On Wed, Apr 24, 2013 at 3:27 AM, Stephen Lin <stephenwlin at gmail.com> wrote:
> Hi Evan, Jakob,
>
> By writing some more tests, I found a corner case bug in the
> implementation below that I've resolved, but I wanted to check with
> you two as to whether you think my resolution is the most appropriate
> one.
>
> Basically, the issue is that the following:
>
>   declare i32 @identity32(i32 returned %x)
>   declare i16 @paramzext16(i16 zeroext returned %x)
>
>   define i16 @test_matched_param(i16 %x) {
>   entry:
>     %call = tail call i16 @paramzext16(i16 %x)
>     %b = zext i16 %call to i32
>     %call2 = tail call i32 @identity32(i32 %b)

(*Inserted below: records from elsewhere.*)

(* Let $k$ be an unramified non-archimedean local field of residue characteristic $2$ (so $e=1$ and we take $\varpi=2$). Let $B(x)=x_1^2-a(x_2^2-\Delta x_3^2)$ on $k^3$, where $a=1+2u$ and $\Delta$ are units with quadratic defect $2\mathfrak o$, the Hilbert symbol $(a,\Delta)=-1$, $-a\Delta=1+2v$, and $u,v$ are units. Let $z=q^{-\beta}$, $w=zq^{-1}$, and $t\in\mathfrak o\setminus\{0\}$ with $|t|=q^{-T}$. Then \[ X^B(\beta;t^2)=|2|\,\frac{1+wq^{-1}}{1-w^2q^{-1}}+|2|\,w^{2T+1}q^{-T}\,\frac{1-w^2q^{-2}}{(1-w)(1-w^2q^{-1})}. \]
   Context: $k$ has ring of integers $\mathfrak o$, residue field of cardinality $q$, absolute value normalized by $|2|=q^{-1}$. On $\mathfrak o^n$ use the additive Haar measure of total mass $1$. For a quadratic form $B$ on $k^n$, $\rho\in\mathfrak o$ and integer $\ell\ge0$: $X_\ell^B(\rho)=\operatorname{meas}\{x\in\mathfrak o^n: B(x)-\rho\in 2^{\ell+1}\mathfrak o\}$ and $X^B(\beta;\rho)=\sum_{\ell\ge0}z^\ell X_\ell^B(\rho)$ with $z=q^{-\beta}$. The quadratic defect of $\rho\in k$ is the intersection of all ideals $b\mathfrak o$ over those $b\in k$ for which $\rho-b$ is a square in $k$. $(\cdot,\cdot)$ is the Hilbert symbol of $k$. *)

theory Defs
  imports "HOL-Analysis.Analysis"
begin

text \<open>A non-archimedean field k is given by a type 'k of class field together with a
  discrete valuation val :: 'k => int (the value at 0 is irrelevant / unused).\<close>

definition vring :: "('k::field \<Rightarrow> int) \<Rightarrow> 'k set" where
  "vring val = {x. x = 0 \<or> 0 \<le> val x}"

definition two_pow_ideal :: "('k::field \<Rightarrow> int) \<Rightarrow> nat \<Rightarrow> 'k set" where
  "two_pow_ideal val m = {(2::'k) ^ m * y | y. y \<in> vring val}"

definition is_unit_v :: "('k::field \<Rightarrow> int) \<Rightarrow> 'k \<Rightarrow> bool" where
  "is_unit_v val x \<longleftrightarrow> x \<noteq> 0 \<and> val x = 0"

text \<open>Unramified non-archimedean local field of residue characteristic 2, with
  uniformizer 2 and residue field of cardinality q:
  val is a discrete valuation, val 2 = 1, k is complete, and o/2o is finite of cardinality q.\<close>
definition unram_dyadic_local_field :: "('k::field \<Rightarrow> int) \<Rightarrow> nat \<Rightarrow> bool" where
  "unram_dyadic_local_field val q \<longleftrightarrow>
     (\<forall>x y. x \<noteq> 0 \<longrightarrow> y \<noteq> 0 \<longrightarrow> val (x * y) = val x + val y) \<and>
     (\<forall>x y. x \<noteq> 0 \<longrightarrow> y \<noteq> 0 \<longrightarrow> x + y \<noteq> 0 \<longrightarrow> min (val x) (val y) \<le> val (x + y)) \<and>
     (2::'k) \<noteq> 0 \<and> val 2 = 1 \<and>
     (\<forall>s::nat \<Rightarrow> 'k.
        (\<forall>N::int. \<exists>M. \<forall>m\<ge>M. \<forall>n\<ge>M. s m = s n \<or> N \<le> val (s m - s n)) \<longrightarrow>
        (\<exists>L. \<forall>N::int. \<exists>M. \<forall>n\<ge>M. s n = L \<or> N \<le> val (s n - L))) \<and>
     finite (vring val // {(x, y). x \<in> vring val \<and> y \<in> vring val \<and> x - y \<in> two_pow_ideal val 1}) \<and>
     card (vring val // {(x, y). x \<in> vring val \<and> y \<in> vring val \<and> x - y \<in> two_pow_ideal val 1}) = q"

text \<open>o^n, with vectors as functions nat => 'k vanishing outside {0..<n}.\<close>
definition vecs :: "('k::field \<Rightarrow> int) \<Rightarrow> nat \<Rightarrow> (nat \<Rightarrow> 'k) set" where
  "vecs val n = {x. (\<forall>i<n. x i \<in> vring val) \<and> (\<forall>i\<ge>n. x i = 0)}"

definition vec_cong :: "('k::field \<Rightarrow> int) \<Rightarrow> nat \<Rightarrow> nat \<Rightarrow> ((nat \<Rightarrow> 'k) \<times> (nat \<Rightarrow> 'k)) set" where
  "vec_cong val n m = {(x, y). x \<in> vecs val n \<and> y \<in> vecs val n \<and>
                          (\<forall>i<n. x i - y i \<in> two_pow_ideal val m)}"

text \<open>Haar measure (total mass 1 on o^n) of a set S \<subseteq> o^n which is a union of cosets
  of 2^m o^n: number of cosets in S divided by the number of cosets in o^n.\<close>
definition coset_measure :: "('k::field \<Rightarrow> int) \<Rightarrow> nat \<Rightarrow> nat \<Rightarrow> (nat \<Rightarrow> 'k) set \<Rightarrow> real" where
  "coset_measure val n m S = real (card (S // vec_cong val n m)) / real (card (vecs val n // vec_cong val n m))"

text \<open>X_l^B(rho) = meas {x in o^n : B(x) - rho in 2^(l+1) o}  (for B with integral
  coefficients this set is a union of cosets of 2^(l+1) o^n).\<close>
definition X_l :: "('k::field \<Rightarrow> int) \<Rightarrow> nat \<Rightarrow> ((nat \<Rightarrow> 'k) \<Rightarrow> 'k) \<Rightarrow> 'k \<Rightarrow> nat \<Rightarrow> real" where
  "X_l val n B \<rho> l = coset_measure val n (l + 1)
      {x \<in> vecs val n. B x - \<rho> \<in> two_pow_ideal val (l + 1)}"

definition quad_defect :: "('k::field \<Rightarrow> int) \<Rightarrow> 'k \<Rightarrow> 'k set" where
  "quad_defect val \<rho> = (\<Inter>b \<in> {b. \<exists>c. \<rho> - b = c ^ 2}. {b * y | y. y \<in> vring val})"

definition hilbert_symbol :: "'k::field \<Rightarrow> 'k \<Rightarrow> int" where
  "hilbert_symbol a b = (if \<exists>x y z. (x, y, z) \<noteq> (0, 0, 0) \<and> z ^ 2 = a * x ^ 2 + b * y ^ 2
                          then 1 else -1)"

end

theory Submission
  imports Defs
begin

text \<open>Write \<open>N\<^sub>m(\<rho>)\<close> for the number of solutions of \<open>B(x) \<equiv> \<rho> (mod 2\<^sup>m)\<close> in \<open>(\<O>/2\<^sup>m\<O>)\<^sup>3\<close>,
  so that \<open>X\<^sub>l(\<rho>) = N\<^sub>l\<^sub>+\<^sub>1(\<rho>) / q\<^bsup>3(l+1)\<^esup>\<close>. Since \<open>-a\<Delta> = 1 + 2v\<close>, the form is
  \<open>x\<^sub>0\<^sup>2 - (1 + 2u) x\<^sub>1\<^sup>2 - (1 + 2v) x\<^sub>2\<^sup>2\<close>, and it is anisotropic because \<open>(a, \<Delta>) = -1\<close>. With Hensel's
  lemma for square roots this implies that it has no zero modulo \<open>8\<close> with a unit coordinate, and
  that an associated binary form is anisotropic modulo \<open>2\<close>. Hence \<open>N\<^sub>1(\<rho>) = q\<^sup>2\<close> for all \<open>\<rho>\<close>;
  every solution of \<open>B \<equiv> 0 (mod 4)\<close> is divisible by \<open>2\<close>, which gives \<open>N\<^sub>2(4\<rho>) = q\<^sup>3\<close> and
  \<open>N\<^sub>m\<^sub>+\<^sub>2(4\<rho>) = q\<^sup>3 N\<^sub>m(\<rho>)\<close>; for a unit \<open>t\<close> scaling reduces \<open>t\<^sup>2\<close> to \<open>1\<close>, the solutions of
  \<open>B \<equiv> 1 (mod 4)\<close> reduce to \<open>q + 1\<close> points of a conic over the residue field, and every further
  level multiplies the count by \<open>q\<^sup>2\<close> (Hensel lifting). Summing the resulting geometric series
  and inducting on \<open>T = val t\<close> gives the closed form.\<close>

section \<open>Valuation ring and the ideals \<open>2\<^sup>m \<O>\<close>\<close>

locale dyadic_field =
  fixes val :: "'k::field \<Rightarrow> int" and q :: nat
  assumes local_field: "unram_dyadic_local_field val q"
begin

>     %call3 = tail call i16 @paramzext16(i16 %call)
>     ret i16 %call3
>   }
>
> gets optimized to:
>
>     test_matched_param:
>     @ BB#0:
>            push    {r11, lr}
>            uxth    r0, r0
>            bl      paramzext16
>            bl      identity32
>            pop     {r11, lr}
>            b       paramzext16
>
> whereas the correct output and (as far as I can tell, optimal) output is:
>
>    test_matched_param:
>     @ BB#0:
>            push    {r11, lr}
>            uxth    r0, r0
>            bl      paramzext16
>            uxth    r0, r0
>            bl      identity32
>            pop     {r11, lr}
>            b       paramzext16
>
> In other words, the code generator incorrectly assumes that r0 is
> completely preserved across the call to paramzext16, which is not
> guaranteed (only the lower 16-bits are preserved; at least, that's the
> most defensible interpretation of 'returned' here)
>
> As far as I can tell this cannot be fixed in
> ARMTargetLowering::LowerCall (with its current interface), since by
> that point the register has already been extended to i32 and there's
> no information that the original value was i16. So I resolved this by
> changing the target-independent code in TargetLowering::LowerCallTo to
> not pass 'returned' to the target-specific LowerCall implementations
> unless either 1) the size of the register holding the passed argument
> is equal to the size of the actual argument type or 2) the register is
> extended using any-extend, in which case the high bits will be treated
> as unknown even if the register is preserved across the call or 3) the
> return value and 'returned' parameter have compatible extension
> methods.
>
> This is sufficient to fix the particular example and I believe is an
> adequate solution for the general case: basically, it means that
> 'returned' being passed to the target-specific LowerCall means that
> the actual full register value is returned unchanged, which is a
> subset of the cases where there's a semantic 'returned' at the IR
> level. The major limitation of this is that, in the case that the
> parameter is zero/sign extended but the return value is not, it treats
> the entire value as clobbered by the call when it's only the extended
> bits that are possibly clobbered. This would be fixable with some
> refactoring, but (as far as I can tell) would require changing the
> interface to the target implementations of LowerCall to either pass
> more information forward or back.
>
> The issue can be seen by changing the line:
>     %b = zext i16 %call to i32
> to
>     %b = zext i16 %x to i32
>
> which results in significantly worse code, even though technically the
> result should be the same because %x and %call should always be equal
> in their lower 16 bits. Since it doesn't seem worth it to fix this for
> now, I put a FIXME note about it in the code and in a test.
>
> I considered a few other ways to resolve this, but all of them seemed
> to have some issues (I can go into them in more detail, though, if
> you'd like more details.)
>
> Please let me know if you have any suggestions or concerns.
>
> -Stephen
>
> P.S. I also removed checks for sign and zero extension in
> "sameNoopInput" that I added in r180118; they turned out to be
> superfluous, which makes sense in retrospect now that I better
> understand the semantics of the two.